8. Beyonce…Beyonce just Beyonced. There’s nothing else to say. Beyonce just Beyonced the fuck out of that stage. And Beyonced the fuck out of the backstage by having the mothers of Eric Garner, Trayvon Martin, Mike Brown, and Oscar Grant as her guests.
(Of course, the obvious question here is “What about Sandra Bland’s people?” But, well, um, let’s just move on.)
9. So, we’ve already established that scheduling Britney Spears’s much-hyped comeback performance right after Beyonce was cruel and unusual punishment. This was ultimately the VMA’s equivalent of waterboarding. Even Britney herself seemed shellshocked at MTV positioning her to be the Sam’s Club Splenda to Beyonce’s Lemonade.

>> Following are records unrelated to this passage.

(* Let $S$ be a category and $x,y\in S$. Then $\varepsilon_S(x)=\varepsilon_S(y)$ in $\mathrm{U_{mon}}(S)$ if and only if either $x=y$ or both $x$ and $y$ are identities of $S$. In particular, the restriction of $\varepsilon_S$ to every hom-set $S(a,b)$ is one-to-one.
   Context: Categories are arrow-only: a set $S$ with partial associative multiplication, identities $\mathrm{Id}\,S$, source/target identities $\mathrm{s}(x),\mathrm{t}(x)$; $S(a,b)=\{x:\mathrm{s}(x)=a,\mathrm{t}(x)=b\}$. $\mathrm{U_{mon}}(S)$ is the monoid presented by generators $\varepsilon_S(x)$ ($x\in S$) and relations $\varepsilon_S(e)=1$ ($e\in\mathrm{Id}\,S$), $\varepsilon_S(x)\varepsilon_S(y)=\varepsilon_S(xy)$ whenever $xy$ is defined. *)

theory Defs
  imports Main
begin

text \<open>Arrow-only categories. A category is given by its set of arrows S and a
partial multiplication m (m x y = None means xy is undefined).\<close>

definition is_identity :: "'a set \<Rightarrow> ('a \<Rightarrow> 'a \<Rightarrow> 'a option) \<Rightarrow> 'a \<Rightarrow> bool" where
  "is_identity S m e \<longleftrightarrow> e \<in> S \<and>
     (\<forall>x\<in>S. (m e x \<noteq> None \<longrightarrow> m e x = Some x) \<and> (m x e \<noteq> None \<longrightarrow> m x e = Some x))"

definition category :: "'a set \<Rightarrow> ('a \<Rightarrow> 'a \<Rightarrow> 'a option) \<Rightarrow> bool" where
  "category S m \<longleftrightarrow>
     (\<forall>x y z. m x y = Some z \<longrightarrow> x \<in> S \<and> y \<in> S \<and> z \<in> S) \<and>
     (\<forall>x\<in>S. \<forall>y\<in>S. \<forall>z\<in>S.
        Option.bind (m x y) (\<lambda>w. m w z) = Option.bind (m y z) (\<lambda>v. m x v)) \<and>
     (\<forall>x\<in>S. \<forall>y\<in>S. \<forall>z\<in>S.
        (Option.bind (m y z) (\<lambda>v. m x v) \<noteq> None) \<longleftrightarrow> (m x y \<noteq> None \<and> m y z \<noteq> None)) \<and>
     (\<forall>x\<in>S. \<exists>e f. is_identity S m e \<and> is_identity S m f \<and> m e x \<noteq> None \<and> m x f \<noteq> None)"

definition src :: "'a set \<Rightarrow> ('a \<Rightarrow> 'a \<Rightarrow> 'a option) \<Rightarrow> 'a \<Rightarrow> 'a" where
  "src S m x = (THE e. is_identity S m e \<and> m e x \<noteq> None)"

definition tgt :: "'a set \<Rightarrow> ('a \<Rightarrow> 'a \<Rightarrow> 'a option) \<Rightarrow> 'a \<Rightarrow> 'a" where
  "tgt S m x = (THE f. is_identity S m f \<and> m x f \<noteq> None)"

definition hom :: "'a set \<Rightarrow> ('a \<Rightarrow> 'a \<Rightarrow> 'a option) \<Rightarrow> 'a \<Rightarrow> 'a \<Rightarrow> 'a set" where
  "hom S m a b = {x \<in> S. src S m x = a \<and> tgt S m x = b}"

text \<open>U_mon(S) is the free monoid on S (words = lists) modulo the monoid congruence
generated by [e] ~ [] for identities e and [x,y] ~ [xy] whenever xy is defined.
umon_rel S m is that congruence; eps(x) is the class of the word [x].\<close>
inductive umon_rel :: "'a set \<Rightarrow> ('a \<Rightarrow> 'a \<Rightarrow> 'a option) \<Rightarrow> 'a list \<Rightarrow> 'a list \<Rightarrow> bool"
  for S m where
  refl: "umon_rel S m xs xs"
| sym: "umon_rel S m xs ys \<Longrightarrow> umon_rel S m ys xs"
| trans: "umon_rel S m xs ys \<Longrightarrow> umon_rel S m ys zs \<Longrightarrow> umon_rel S m xs zs"
| compat: "umon_rel S m xs ys \<Longrightarrow> umon_rel S m (us @ xs @ vs) (us @ ys @ vs)"
| ident: "is_identity S m e \<Longrightarrow> umon_rel S m [e] []"
| mult: "x \<in> S \<Longrightarrow> y \<in> S \<Longrightarrow> m x y = Some z \<Longrightarrow> umon_rel S m [x, y] [z]"

definition eps_eq :: "'a set \<Rightarrow> ('a \<Rightarrow> 'a \<Rightarrow> 'a option) \<Rightarrow> 'a \<Rightarrow> 'a \<Rightarrow> bool" where
  "eps_eq S m x y \<longleftrightarrow> umon_rel S m [x] [y]"

end

theory Submission
  imports Defs
begin

text \<open>Reduced words (no identities, no composable adjacent letters) form a set of normal forms
for \<open>U_mon(S)\<close>: a letter acts on a reduced word by appending it and, if possible, composing it
with the last letter, dropping the result if it is an identity. Associativity of \<open>S\<close> makes this
action respect both kinds of defining relations, so the reduced word obtained from \<open>[x]\<close> --
namely \<open>[x]\<close>, or \<open>[]\<close> if \<open>x\<close> is an identity -- is an invariant of \<open>\<epsilon>(x)\<close>.\<close>

lemma category_closed: "category S m \<Longrightarrow> m a b = Some c \<Longrightarrow> a \<in> S \<and> b \<in> S \<and> c \<in> S"
  unfolding category_def
  by (elim conjE) (drule spec[of _ a], drule spec[of _ b], drule spec[of _ c], simp)

lemma category_assoc:
  "category S m \<Longrightarrow> a \<in> S \<Longrightarrow> b \<in> S \<Longrightarrow> c \<in> S \<Longrightarrow>
   Option.bind (m a b) (\<lambda>w. m w c) = Option.bind (m b c) (\<lambda>v. m a v)"
  unfolding category_def by (elim conjE) (drule bspec, assumption)+

lemma category_defined_iff:
  "category S m \<Longrightarrow> a \<in> S \<Longrightarrow> b \<in> S \<Longrightarrow> c \<in> S \<Longrightarrow>
   Option.bind (m b c) (\<lambda>v. m a v) \<noteq> None \<longleftrightarrow> m a b \<noteq> None \<and> m b c \<noteq> None"
  unfolding category_def by (elim conjE) (drule bspec, assumption)+

lemma category_undefined_comp:
  assumes "category S m" and "m a b = None" and "m b c = Some d"
  shows "m a d = None"
proof (rule ccontr)
  assume "m a d \<noteq> None"
  then obtain q where "m a d = Some q" by auto
  then have "a \<in> S" using category_closed[OF assms(1)] by blast
  moreover have "b \<in> S" "c \<in> S" using category_closed[OF assms(1,3)] by auto
  ultimately show False
    using category_defined_iff[OF assms(1), of a b c] assms(2,3) \<open>m a d = Some q\<close> by simp
qed

lemma identity_left: "is_identity S m e \<Longrightarrow> a \<in> S \<Longrightarrow> m e a = Some c \<Longrightarrow> c = a"
  unfolding is_identity_def by auto

lemma identity_right: "is_identity S m e \<Longrightarrow> a \<in> S \<Longrightarrow> m a e = Some c \<Longrightarrow> c = a"
  unfolding is_identity_def by auto

lemma src_identity:
  assumes C: "category S m" and e: "is_identity S m e"
  shows "src S m e = e"
proof -
  have eS: "e \<in> S" using e unfolding is_identity_def by auto
  have unique: "f = e" if f: "is_identity S m f" "m f e \<noteq> None" for f
  proof -
    have "f \<in> S" using f unfolding is_identity_def by auto
    moreover obtain q where "m f e = Some q" using f by auto
    ultimately show ?thesis using identity_left[OF f(1) eS] identity_right[OF e] by metis
  qed
  obtain f where "is_identity S m f" "m f e \<noteq> None"
    using C eS unfolding category_def by (elim conjE) (drule bspec, assumption, blast)
  then have "is_identity S m e \<and> m e e \<noteq> None" using unique by blast
  then show ?thesis unfolding src_def using unique by (intro the_equality) auto
qed

text \<open>Words are kept reversed: the head of the list is the last letter.\<close>

definition push :: "'a set \<Rightarrow> ('a \<Rightarrow> 'a \<Rightarrow> 'a option) \<Rightarrow> 'a list \<Rightarrow> 'a \<Rightarrow> 'a list" where
  "push S m s x = (if is_identity S m x then s else case s of [] \<Rightarrow> [x]
     | t # s' \<Rightarrow> (case m t x of None \<Rightarrow> x # t # s'
                 | Some w \<Rightarrow> if is_identity S m w then s' else w # s'))"

fun reduced :: "'a set \<Rightarrow> ('a \<Rightarrow> 'a \<Rightarrow> 'a option) \<Rightarrow> 'a list \<Rightarrow> bool" where
  "reduced S m (a # b # r) \<longleftrightarrow> m b a = None \<and> \<not> is_identity S m a \<and> reduced S m (b # r)"
| "reduced S m [a] \<longleftrightarrow> \<not> is_identity S m a"
| "reduced S m [] \<longleftrightarrow> True"

lemma push_identity: "is_identity S m x \<Longrightarrow> push S m s x = s"
  by (simp add: push_def)

lemma push_Nil: "\<not> is_identity S m x \<Longrightarrow> push S m [] x = [x]"
  by (simp add: push_def)

lemma push_Cons_undefined:
  "\<not> is_identity S m x \<Longrightarrow> m t x = None \<Longrightarrow> push S m (t # s) x = x # t # s"
  by (simp add: push_def)

lemma push_Cons_defined:
  "\<not> is_identity S m x \<Longrightarrow> m t x = Some w \<Longrightarrow>
   push S m (t # s) x = (if is_identity S m w then s else w # s)"
  by (simp add: push_def)

lemmas push_simps = push_identity push_Nil push_Cons_undefined push_Cons_defined

lemma reduced_tl: "reduced S m (t # s) \<Longrightarrow> reduced S m s"
  by (cases s) auto

lemma reduced_push:
  assumes C: "category S m" and R: "reduced S m s"
  shows "reduced S m (push S m s x)"
proof (cases "is_identity S m x \<or> s = []")
  case True
  then show ?thesis using R by (auto simp: push_def)
next
  case False
  then obtain t s' where s: "s = t # s'" and x: "\<not> is_identity S m x"
    by (cases s) auto
  show ?thesis
  proof (cases "m t x")
    case None
    then show ?thesis using R s x by (simp add: push_simps)
  next
    case (Some w)
    have "reduced S m (w # s')" if "\<not> is_identity S m w"
    proof (cases s')
      case (Cons t' s'')
      then have "m t' w = None"
        using category_undefined_comp[OF C _ Some] R s by simp
      then show ?thesis using that R s Cons by simp
    qed (use that in simp)
    then show ?thesis using R s x Some by (simp add: push_simps reduced_tl)
  qed
qed

lemma reduced_foldl_push: "category S m \<Longrightarrow> reduced S m s \<Longrightarrow> reduced S m (foldl (push S m) s xs)"
  by (induction xs arbitrary: s) (auto simp: reduced_push)

lemma push_uncomposable:
  "\<not> is_identity S m y \<Longrightarrow> (\<forall>t' s''. s = t' # s'' \<longrightarrow> m t' y = None) \<Longrightarrow> push S m s y = y # s"
  by (cases s) (auto simp: push_simps)

lemma push_comp_Cons_defined:
  assumes C: "category S m" and R: "reduced S m (t # s)"
    and xS: "x \<in> S" and yS: "y \<in> S" and xy: "m x y = Some z"
    and x: "\<not> is_identity S m x" and y: "\<not> is_identity S m y" and tx: "m t x = Some w"
  shows "push S m (push S m (t # s) x) y = push S m (t # s) z"
proof -
  have tS: "t \<in> S" and wS: "w \<in> S" using category_closed[OF C tx] by auto
  have wy_eq: "m w y = m t z" using category_assoc[OF C tS xS yS] tx xy by simp
  moreover have "m t z \<noteq> None" using category_defined_iff[OF C tS xS yS] tx xy by simp
  ultimately obtain r where tz: "m t z = Some r" and wy: "m w y = Some r" by auto
  have z_identity: "r = t" if "is_identity S m z" using identity_right[OF that tS tz] .
  have t: "\<not> is_identity S m t" using R by (cases s) auto
  show ?thesis
  proof (cases "is_identity S m w")
    case False
    then show ?thesis
      using tx x y tz wy z_identity t by (cases "is_identity S m z") (auto simp: push_simps)
  next
    case w: True
    have ry: "r = y" using identity_left[OF w yS wy] .
    have "m t' y = None" if s: "s = t' # s''" for t' s''
    proof (rule ccontr)
      assume "m t' y \<noteq> None"
      then obtain q where q: "m t' y = Some q" by auto
      have t'S: "t' \<in> S" using category_closed[OF C q] by auto
      have "m t' w \<noteq> None" using category_defined_iff[OF C t'S wS yS] wy q ry by simp
      then obtain p where "m t' w = Some p" by auto
      moreover have "m t' t = None" using R s by simp
      ultimately show False using category_defined_iff[OF C t'S tS xS] tx by simp
    qed
    then have "push S m s y = y # s" using push_uncomposable[OF y] by blast
    then show ?thesis
      using tx x y tz w ry z_identity by (cases "is_identity S m z") (auto simp: push_simps)
  qed
qed

lemma push_comp:
  assumes C: "category S m" and R: "reduced S m s"
    and xS: "x \<in> S" and yS: "y \<in> S" and xy: "m x y = Some z"
  shows "push S m (push S m s x) y = push S m s z"
proof -
  consider (x) "is_identity S m x" | (y) "is_identity S m y"
    | (Nil) "\<not> is_identity S m x" "\<not> is_identity S m y" "s = []"
    | (undefined) t s' where "\<not> is_identity S m x" "\<not> is_identity S m y" "s = t # s'"
        "m t x = None"
    | (defined) t s' w where "\<not> is_identity S m x" "\<not> is_identity S m y" "s = t # s'"
        "m t x = Some w"
    by (cases s) fastforce+
  then show ?thesis
  proof cases
    case x
    then show ?thesis using identity_left[OF x yS xy] by (simp add: push_simps)
  next
    case y
    then show ?thesis using identity_right[OF y xS xy] by (simp add: push_simps)
  next
    case Nil
    then show ?thesis using xy by (simp add: push_def)
  next
    case (undefined t s')
    then have "m t z = None" using category_undefined_comp[OF C _ xy] by blast
    then show ?thesis using undefined xy by (simp add: push_def)
  next
    case (defined t s' w)
    then show ?thesis using push_comp_Cons_defined[OF C _ xS yS xy] R by blast
  qed
qed

lemma umon_rel_foldl_push:
  assumes C: "category S m"
  shows "umon_rel S m xs ys \<Longrightarrow> reduced S m s \<Longrightarrow> foldl (push S m) s xs = foldl (push S m) s ys"
proof (induction xs ys arbitrary: s rule: umon_rel.induct)
  case (compat xs ys us vs)
  then show ?case using reduced_foldl_push[OF C compat.prems] by simp
next
  case (ident e)
  then show ?case by (simp add: push_identity)
next
  case (mult x y z)
  then show ?case using push_comp[OF C] by simp
qed simp_all

lemma eps_eq_iff:
  assumes C: "category S m"
  shows "eps_eq S m x y \<longleftrightarrow> x = y \<or> (is_identity S m x \<and> is_identity S m y)"
proof
  assume "eps_eq S m x y"
  then have "push S m [] x = push S m [] y"
    using umon_rel_foldl_push[OF C] unfolding eps_eq_def by fastforce
  then show "x = y \<or> (is_identity S m x \<and> is_identity S m y)"
    by (auto simp: push_def split: if_splits)
next
  assume "x = y \<or> (is_identity S m x \<and> is_identity S m y)"
  then show "eps_eq S m x y"
    unfolding eps_eq_def by (meson umon_rel.refl umon_rel.ident umon_rel.sym umon_rel.trans)
qed

lemma eps_eq_hom_imp_eq:
  assumes C: "category S m" and "u \<in> hom S m a b" and "v \<in> hom S m a b" and "eps_eq S m u v"
  shows "u = v"
  using assms src_identity[OF C] unfolding eps_eq_iff[OF C] hom_def by auto

theorem lemma3p10:
  assumes "category S m" and "x \<in> S" and "y \<in> S"
  shows "(eps_eq S m x y \<longleftrightarrow> x = y \<or> (is_identity S m x \<and> is_identity S m y))
         \<and> (\<forall>a b. \<forall>u\<in>hom S m a b. \<forall>v\<in>hom S m a b. eps_eq S m u v \<longrightarrow> u = v)"
  using eps_eq_iff[OF assms(1)] eps_eq_hom_imp_eq[OF assms(1)] by blast

end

But what’s the alternative? You can’t really open or close the show with her now in 2016, so she was always going to be stuck in the middle somewhere. So why not schedule her directly after Beyonce — a time you know most people will be watching? I guess that question doesn’t have a very satisfying answer either. Maybe next year, when, I don’t know, Pink or someone wants to make a big comeback splash, they should just send her to voicemail. And then pick up at the last moment like “Oh, I didn’t know you were calling. Did you want to be on the show?” And then Pink says “Yes!” And they’re like “We only have one slot left. After Beyonce. Are you cool with that?” And then Pink, already deep in “left like 16 voicemails already” fatigue, just says yes and accepts it.
10. Of course, the entire night was ultimately a prolonged culmination to Rihanna’s acceptance of the Video Vanguard Award. Which ultimately served as a contrived meet-cute to get Drake and Rihanna on stage together. Let’s talk about that!
Remember on The Wire, right before Michael killed Snoop, when she said (paraphrasing) “You never could have been one of us” — her way of saying that Michael just had too much of a conscience to be like Snoop, Chris, and Marlo? Well, I feel the same way about Drake and “being a fuckboy.” He makes fuckboy anthems — shit, he makes entire fuckboy albums — tries to do fuckboy things, dates fuckboy magnets, and even apparently became BFFs with Future, who’s basically Fuckboy Emeritus. But I just don’t think he has it in him to be that type of guy. He just seems to like women too much to be one. And not “likes women” in a “likes having sex with women” sense. (Although I assume he enjoys that too.) But actually likes their company, companionship, and friendship.
Of course, this is not a bad thing at all. It’s actually, for lack of a better term, refreshing. And, with his H&M tux draped on his Dominican Uncle torso last night, his very obvious affection for Rihanna was palpable and endearing. Which is why her curve last night — and yes, she totally gave him the “we’re better as friends” cheek turn when he attempted to kiss her — was so cringe-worthy to watch. It was like throwing someone an alley oop…and then watching them just watch the ball drift out of bounds while they made no effort to get it.
Let’s watch again, from a different angle!
Now, to be fair, Rihanna’s reaction could have been less “awww, bless your little Canadian heart ” and more her being pissed that Drake was making her moment about himself. During his speech, I’m sure she was thinking what many of us were thinking while watching it: “This nigga better not propose.”